The first time I saw Suchitra Sen on screen was in Aandhi . She was so different from some of the top heroines of Hindi cinema in the 1970s, a list that included Hema Malini, Zeenat Aman, Mumtaz and Sharmila Tagore.
Sen had a certain aura about her which just made her so dignified and inaccessible.
And Aandhi was one of her rare forays in Hindi films where she more than held her own against another top talent, Sanjeev Kumar. Compared to the big ticket releases of 1975 like Sholay and Deewaar , Aandhi was relatively more low-key but managed to attract a fair bit of controversy thanks to Sen’s role as a politician.
Powerhouse act Comparisons were quickly drawn to the then Prime Minister, Indira Gandhi, who was constantly in the news thanks to Emergency. Aandhi ’s release was delayed as a result but this hardly made a difference to those who saw the leading lady’s powerhouse act a couple of years later.
As someone who loves her husband dearly but still follows her passion in politics, Sen as Aarti Devi was just phenomenal. Combining the no-nonsense attitude of a politician with the vulnerability of a wife who is seeing her husband after many years of separation, it was a mind-blowing performance. And, as is so typical of film awards, Sen did not win one for Aandhi even though she was among the nominees for best actress.
It was this movie that prompted me to watch Mamta released a decade earlier where she was paired opposite Ashok Kumar and Dharmendra.
Beauty & Dignity You could not miss the quiet dignity and ethereal beauty combination in this film either where Sen played a double role of a mother, facing conviction for killing her husband, and a daughter who is a lawyer and seeking her sentence.
Obviously, she is not aware that the older woman is her mother and, once again, Sen was at her best. Mamta ’s theme was replayed 15 years later in Dard (1981) where there was only a gender difference with a father and his (lawyer) son enacting the tragic end.
After seeing Aandhi and Mamta , I only wish I had learnt Bengali during my growing up years in Durgapur. It would have helped me better appreciate Sen’s earlier films with Uttam Kumar, believed to be some of her finest.
It was also more recently that I discovered that the Hindi classic Khamoshi (1969), and a personal favourite, was a remake of a Bengali film, Deep Jwele Jaai made precisely a decade earlier. Waheeda Rehman played, perhaps, a role of a lifetime in Khamoshi but it was Sen who had essayed the part first in the Bengali version.

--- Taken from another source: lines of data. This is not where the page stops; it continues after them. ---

(* For all integers $m\geq 3$ and $n\geq 1$, the prism graph $C[m]\times P[n+1]$ is antimagic.
   Context: All graphs are finite, undirected and simple. $C[m]$ denotes the cycle on $m$ vertices and $P[k]$ the path on $k$ vertices. The Cartesian product $G_1\times G_2$ of graphs $G_1=(V_1,E_1)$ and $G_2=(V_2,E_2)$ has vertex set $V_1\times V_2$, with $(u_1,u_2)$ adjacent to $(v_1,v_2)$ iff either $u_1=v_1$ and $u_2v_2\in E_2$, or $u_2=v_2$ and $u_1v_1\in E_1$. An antimagic labeling of a graph with $m'$ edges is a bijection $f$ from its edge set to $\{1,\ldots,m'\}$ such that the vertex sums $f^+(v)=\sum_{e\ni v} f(e)$ (sum over edges incident with $v$) are pairwise distinct over all vertices $v$. A graph is antimagic if it admits an antimagic labeling. *)

theory Defs
  imports Main
begin

definition cycle_edges :: "nat \<Rightarrow> nat set set" where
  "cycle_edges m = {{i, (i + 1) mod m} | i. i < m}"

definition cycle_graph :: "nat \<Rightarrow> nat set \<times> nat set set" where
  "cycle_graph m = ({0..<m}, cycle_edges m)"

definition path_edges :: "nat \<Rightarrow> nat set set" where
  "path_edges k = {{j, j + 1} | j. j + 1 < k}"

definition path_graph :: "nat \<Rightarrow> nat set \<times> nat set set" where
  "path_graph k = ({0..<k}, path_edges k)"

definition cart_prod ::
  "'a set \<times> 'a set set \<Rightarrow> 'b set \<times> 'b set set \<Rightarrow> ('a \<times> 'b) set \<times> ('a \<times> 'b) set set" where
  "cart_prod G1 G2 =
     (fst G1 \<times> fst G2,
      {{(u1, u2), (v1, v2)} | u1 u2 v1 v2.
         u1 \<in> fst G1 \<and> v1 \<in> fst G1 \<and> u2 \<in> fst G2 \<and> v2 \<in> fst G2 \<and>
         ((u1 = v1 \<and> {u2, v2} \<in> snd G2) \<or> (u2 = v2 \<and> {u1, v1} \<in> snd G1))})"

definition vertex_sum :: "'a set set \<Rightarrow> ('a set \<Rightarrow> nat) \<Rightarrow> 'a \<Rightarrow> nat" where
  "vertex_sum E f v = (\<Sum>e\<in>{e\<in>E. v \<in> e}. f e)"

definition antimagic_labeling :: "'a set \<times> 'a set set \<Rightarrow> ('a set \<Rightarrow> nat) \<Rightarrow> bool" where
  "antimagic_labeling G f \<longleftrightarrow>
     bij_betw f (snd G) {1..card (snd G)} \<and>
     inj_on (vertex_sum (snd G) f) (fst G)"

definition antimagic :: "'a set \<times> 'a set set \<Rightarrow> bool" where
  "antimagic G \<longleftrightarrow> (\<exists>f. antimagic_labeling G f)"

end

theory Submission
  imports Defs
begin

(* The labels 1..m(2n+1) form 2n+1 blocks of m
   consecutive numbers: the rims of layers 0, ..., n-1 get blocks 0, ..., n-1, the spokes between
   layers j and j+1 get block n+j, and the top rim gets the last block 2n. Inside its block, an
   edge at cycle position i gets a zigzag offset depending on i only. The vertex sum at (i, j) is
   then m B_j plus a remainder between d_j and m d_j, where d_j is the degree of the layer and
   B_j the sum of its blocks; since B_j + d_j <= B_j' for j < j', sums in different layers differ.
   Inside a layer the remainder is a strictly increasing function of the rank of i in a fixed
   order of the cycle positions, so sums in the same layer differ as well. *)

lemma cart_prod_edgeI:
  assumes "u1 \<in> fst G1" "v1 \<in> fst G1" "u2 \<in> fst G2" "v2 \<in> fst G2"
    and "(u1 = v1 \<and> {u2, v2} \<in> snd G2) \<or> (u2 = v2 \<and> {u1, v1} \<in> snd G1)"
  shows "{(u1, u2), (v1, v2)} \<in> snd (cart_prod G1 G2)"
  using assms unfolding cart_prod_def snd_conv by blast

lemma bij_betw_radix_label:
  fixes q r :: "'a \<Rightarrow> nat"
  assumes "finite A" "card A = m * b" "\<And>x. x \<in> A \<Longrightarrow> q x < b \<and> r x < m"
    and "inj_on (\<lambda>x. (q x, r x)) A"
  shows "bij_betw (\<lambda>x. m * q x + r x + 1) A {1..m * b}"
proof -
  have inj: "inj_on (\<lambda>x. m * q x + r x + 1) A"
  proof (rule inj_onI)
    fix x y assume xy: "x \<in> A" "y \<in> A" and eq: "m * q x + r x + 1 = m * q y + r y + 1"
    then have "(m * q x + r x) div m = (m * q y + r y) div m"
      and "(m * q x + r x) mod m = (m * q y + r y) mod m" by simp_all
    then have "q x = q y" "r x = r y" using assms(3)[OF xy(1)] assms(3)[OF xy(2)] by simp_all
    then show "x = y" using assms(4) xy by (auto dest: inj_onD)
  qed
  have "m * q x + r x + 1 \<le> m * b" if "x \<in> A" for x
  proof -
    have "m * q x + r x + 1 \<le> m * Suc (q x)" using assms(3)[OF that] by simp
    also have "\<dots> \<le> m * b" using assms(3)[OF that] by (intro mult_le_mono2) simp
    finally show ?thesis .
  qed
  then have "(\<lambda>x. m * q x + r x + 1) ` A \<subseteq> {1..m * b}" by auto
  moreover have "card ((\<lambda>x. m * q x + r x + 1) ` A) = card {1..m * b}"
    using card_image[OF inj] assms(2) by simp
  ultimately have "(\<lambda>x. m * q x + r x + 1) ` A = {1..m * b}"
    by (rule card_subset_eq[OF finite_atLeastAtMost])
  then show ?thesis
    using inj by (rule bij_betw_imageI[rotated])
qed
lemma swap_consistent_outcome:
  assumes "realizable h" "s \<noteq> t"
  shows "swap_consistent s t (outcome h) (outcome (shift_margin t s h))"
proof (rule ccontr)
  assume "\<not> ?thesis"
  then obtain r :: "'a \<Rightarrow> nat \<times> nat" where r: "inj r" "adjacent r s t"
    and better: "fishburn (rank_order r) (outcome (shift_margin t s h)) (outcome h)"
    using fishburn_adjacent_rank_exists assms(2) by blast
  obtain R where R: "is_profile R" "margin R = h"
    using assms(1) by (auto simp: realizable_def)
  obtain R1 R2 i where "is_profile R1" "is_profile R2" "i \<in> dom R1" "dom R2 = dom R1"
    "\<And>j. j \<noteq> i \<Longrightarrow> R2 j = R1 j" "the (R1 i) = rank_order r"
    "margin R1 = h" "margin R2 = shift_margin t s h"
    using profile_with_swapping_voter[OF R(1) r] R(2) by metis
  with strategyproof better show False
    unfolding strategyproof_def by (metis outcome_margin)
qed

lemma mem_outcome_if_shift_winner:
  assumes "realizable h" "s \<noteq> t" "\<nexists>x. cw_margin h x" "cw_margin (shift_margin t s h) t"
  shows "s \<in> outcome h"
proof (rule swap_consistent_singleton)
  have "outcome (shift_margin t s h) = {t}"
    using outcome_eq_singleton_iff[OF realizable_shift_margin[OF assms(1,2)]] assms(4) by blast
  then show "swap_consistent s t (outcome h) {t}"
    using swap_consistent_outcome[OF assms(1,2)] by simp
  show "outcome h \<noteq> {t}"
    using assms(3) outcome_eq_singleton_iff[OF assms(1)] by blast
qed

context
  fixes a b c :: 'a and h0 :: "'a \<Rightarrow> 'a \<Rightarrow> int"
  assumes distinct: "a \<noteq> b" "b \<noteq> c" "a \<noteq> c"
    and tied: "realizable h0" "dominant_margin h0 {a, b, c}" "h0 a b = 0" "h0 b c = 0" "h0 c a = 0"
begin

abbreviation outcome_at :: "int \<Rightarrow> int \<Rightarrow> int \<Rightarrow> 'a set" where
  "outcome_at i j k \<equiv> outcome (triangle_shift a b c h0 i j k)"

lemma cw_margin_tied_iff:
  "cw_margin (triangle_shift a b c h0 i j k) x \<longleftrightarrow>
     (x = a \<and> 0 < i \<and> k < 0) \<or> (x = b \<and> 0 < j \<and> i < 0) \<or> (x = c \<and> 0 < k \<and> j < 0)"
  using cw_margin_triangle_iff[OF realizable_swap[OF realizable_triangle_shift[OF tied(1) distinct]]
      dominant_margin_triangle_shift[OF tied(2)] distinct] tied(3-5)
  by (auto simp: triangle_shift_edges[OF distinct])

lemma swap_consistent_tied:
  assumes "s \<noteq> t"
    and "shift_margin t s (triangle_shift a b c h0 i j k) = triangle_shift a b c h0 i' j' k'"
  shows "swap_consistent s t (outcome_at i j k) (outcome_at i' j' k')"
  using swap_consistent_outcome[OF realizable_triangle_shift[OF tied(1) distinct] assms(1),
      of i j k] assms(2)
  by simp

lemma mem_outcome_tied_if_shift_winner:
  assumes "s \<noteq> t"
    and "shift_margin t s (triangle_shift a b c h0 i j k) = triangle_shift a b c h0 i' j' k'"
    and "\<nexists>x. cw_margin (triangle_shift a b c h0 i j k) x"
    and "cw_margin (triangle_shift a b c h0 i' j' k') t"
  shows "s \<in> outcome_at i j k"
  using mem_outcome_if_shift_winner[OF realizable_triangle_shift[OF tied(1) distinct] assms(1),
      of i j k] assms(2-4)
  by simp

lemma mem_outcome_tied_if_shift_mem:
  assumes "s \<noteq> t"
    and "shift_margin t s (triangle_shift a b c h0 i j k) = triangle_shift a b c h0 i' j' k'"
    and "s \<in> outcome_at i' j' k'" "t \<in> outcome_at i' j' k'"
  shows "s \<in> outcome_at i j k"
  using swap_consistent_mem[OF swap_consistent_tied[OF assms(1,2)] assms(3,4)] .

lemma tied_triangle_subset_outcome_0:
  assumes "j \<in> {0, 1}" "k \<in> {0, 1}"
  shows "{a, b, c} \<subseteq> outcome_at 0 j k"
proof -
  note simps =
    distinct distinct[symmetric] shift_margin_triangle_shift[OF distinct] cw_margin_tied_iff
  note winner = mem_outcome_tied_if_shift_winner and shift_mem = mem_outcome_tied_if_shift_mem
  have "c \<in> outcome_at 1 0 0" by (rule winner[of c a 1 0 0 1 0 "-1"]) (simp_all add: simps)
  moreover have "a \<in> outcome_at 0 1 0" by (rule winner[of a b 0 1 0 "-1" 1 0]) (simp_all add: simps)
  moreover have "b \<in> outcome_at 0 0 1" by (rule winner[of b c 0 0 1 0 "-1" 1]) (simp_all add: simps)
  moreover have "c \<in> outcome_at 1 1 0" by (rule winner[of c a 1 1 0 1 1 "-1"]) (simp_all add: simps)
  moreover have "a \<in> outcome_at 0 1 1" by (rule winner[of a b 0 1 1 "-1" 1 1]) (simp_all add: simps)
  moreover have "b \<in> outcome_at 1 0 1" by (rule winner[of b c 1 0 1 1 "-1" 1]) (simp_all add: simps)
  moreover have
    "swap_consistent a b (outcome_at 1 1 0) (outcome_at 0 1 0)"
    "swap_consistent b c (outcome_at 1 1 0) (outcome_at 1 0 0)"
    "swap_consistent b c (outcome_at 0 1 1) (outcome_at 0 0 1)"
    "swap_consistent c a (outcome_at 0 1 1) (outcome_at 0 1 0)"
    "swap_consistent c a (outcome_at 1 0 1) (outcome_at 1 0 0)"
    "swap_consistent a b (outcome_at 1 0 1) (outcome_at 0 0 1)"
    "swap_consistent a b (outcome_at 1 1 1) (outcome_at 0 1 1)"
    "swap_consistent b c (outcome_at 1 1 1) (outcome_at 1 0 1)"
    "swap_consistent c a (outcome_at 1 1 1) (outcome_at 1 1 0)"
    by (rule swap_consistent_tied; simp add: simps)+
  ultimately have cube:
    "{a, b, c} \<subseteq> outcome_at 1 0 0 \<inter> outcome_at 0 1 0 \<inter> outcome_at 0 0 1 \<inter> outcome_at 0 1 1"
    by (rule swap_consistent_cube[where G = outcome_at])
  have "a \<in> outcome_at 0 0 0"
    by (rule shift_mem[of a c 0 0 0 0 0 1]) (use cube in \<open>simp_all add: simps\<close>)
  moreover have "b \<in> outcome_at 0 0 0"
    by (rule shift_mem[of b a 0 0 0 1 0 0]) (use cube in \<open>simp_all add: simps\<close>)
  moreover have "c \<in> outcome_at 0 0 0"
    by (rule shift_mem[of c b 0 0 0 0 1 0]) (use cube in \<open>simp_all add: simps\<close>)
  ultimately show ?thesis
    using assms cube by auto
qed

lemma tied_triangle_subset_outcome_step:
  assumes "0 < m"
    and prev: "\<And>j k. j \<in> {0, 1} \<Longrightarrow> k \<in> {0, 1} \<Longrightarrow> {a, b, c} \<subseteq> outcome_at (m - 1) j k"
    and "j \<in> {0, 1}" "k \<in> {0, 1}"
  shows "{a, b, c} \<subseteq> outcome_at m j k"
proof -
  note simps =
    distinct distinct[symmetric] shift_margin_triangle_shift[OF distinct] cw_margin_tied_iff
  note winner = mem_outcome_tied_if_shift_winner and shift_mem = mem_outcome_tied_if_shift_mem
  have a00: "a \<in> outcome_at m 0 0"
    by (rule shift_mem[of a b m 0 0 "m - 1" 0 0]) (use prev[of 0 0] in \<open>simp_all add: simps\<close>)
  have c00: "c \<in> outcome_at m 0 0"
    by (rule winner[of c a m 0 0 m 0 "-1"]) (use \<open>0 < m\<close> in \<open>simp_all add: simps\<close>)
  have a01: "a \<in> outcome_at m 0 1"
    by (rule shift_mem[of a b m 0 1 "m - 1" 0 1]) (use prev[of 0 1] in \<open>simp_all add: simps\<close>)
  have b01: "b \<in> outcome_at m 0 1"
    by (rule winner[of b c m 0 1 m "-1" 1]) (use \<open>0 < m\<close> in \<open>simp_all add: simps\<close>)
  have c01: "c \<in> outcome_at m 0 1"
    by (rule shift_mem[of c a m 0 1 m 0 0]) (simp_all add: simps a00 c00)
  have "outcome_at m 0 1 = outcome_at m 0 0"
    by (rule swap_consistent_eq[OF swap_consistent_tied[of a c m 0 0 m 0 1]])
      (simp_all add: simps a00 c00 a01 c01)
  with b01 have b00: "b \<in> outcome_at m 0 0"
    by simp
  have a10: "a \<in> outcome_at m 1 0"
    by (rule shift_mem[of a b m 1 0 "m - 1" 1 0]) (use prev[of 1 0] in \<open>simp_all add: simps\<close>)
  have c10: "c \<in> outcome_at m 1 0"
    by (rule winner[of c a m 1 0 m 1 "-1"]) (use \<open>0 < m\<close> in \<open>simp_all add: simps\<close>)
  have b10: "b \<in> outcome_at m 1 0"
    by (rule shift_mem[of b c m 1 0 m 0 0]) (simp_all add: simps b00 c00)
  have a11: "a \<in> outcome_at m 1 1"
    by (rule shift_mem[of a b m 1 1 "m - 1" 1 1]) (use prev[of 1 1] in \<open>simp_all add: simps\<close>)
  have b11: "b \<in> outcome_at m 1 1"
    by (rule shift_mem[of b c m 1 1 m 0 1]) (simp_all add: simps b01 c01)
  have c11: "c \<in> outcome_at m 1 1"
    by (rule shift_mem[of c a m 1 1 m 1 0]) (simp_all add: simps a10 c10)
  show ?thesis
    using assms(3,4) a00 b00 c00 a01 b01 c01 a10 b10 c10 a11 b11 c11 by auto
qed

Deep Jwele Jaai deserves to be watched, whenever it is aired on TV, for the sheer sensitivity of the theme. Here, the nurse falls in love with her patient, undergoing psychiatric care, only to go to pieces finally because she is completely worn out with the effort.
If Rehman, quite expectedly, was outstanding in Khamoshi , I am sure Sen would have been equally formidable in the Bengali original.
Her decision to opt for a secluded life over the last three decades perhaps reflected the same dignity in retirement.
There are not too many people who have the strength to get into a private space after years of being in the limelight.
Like Aarti Devi in Aandhi , Suchitra Sen pretty much knew the path she wanted to take in real life. And we need to respect that privacy today even while she has passed on.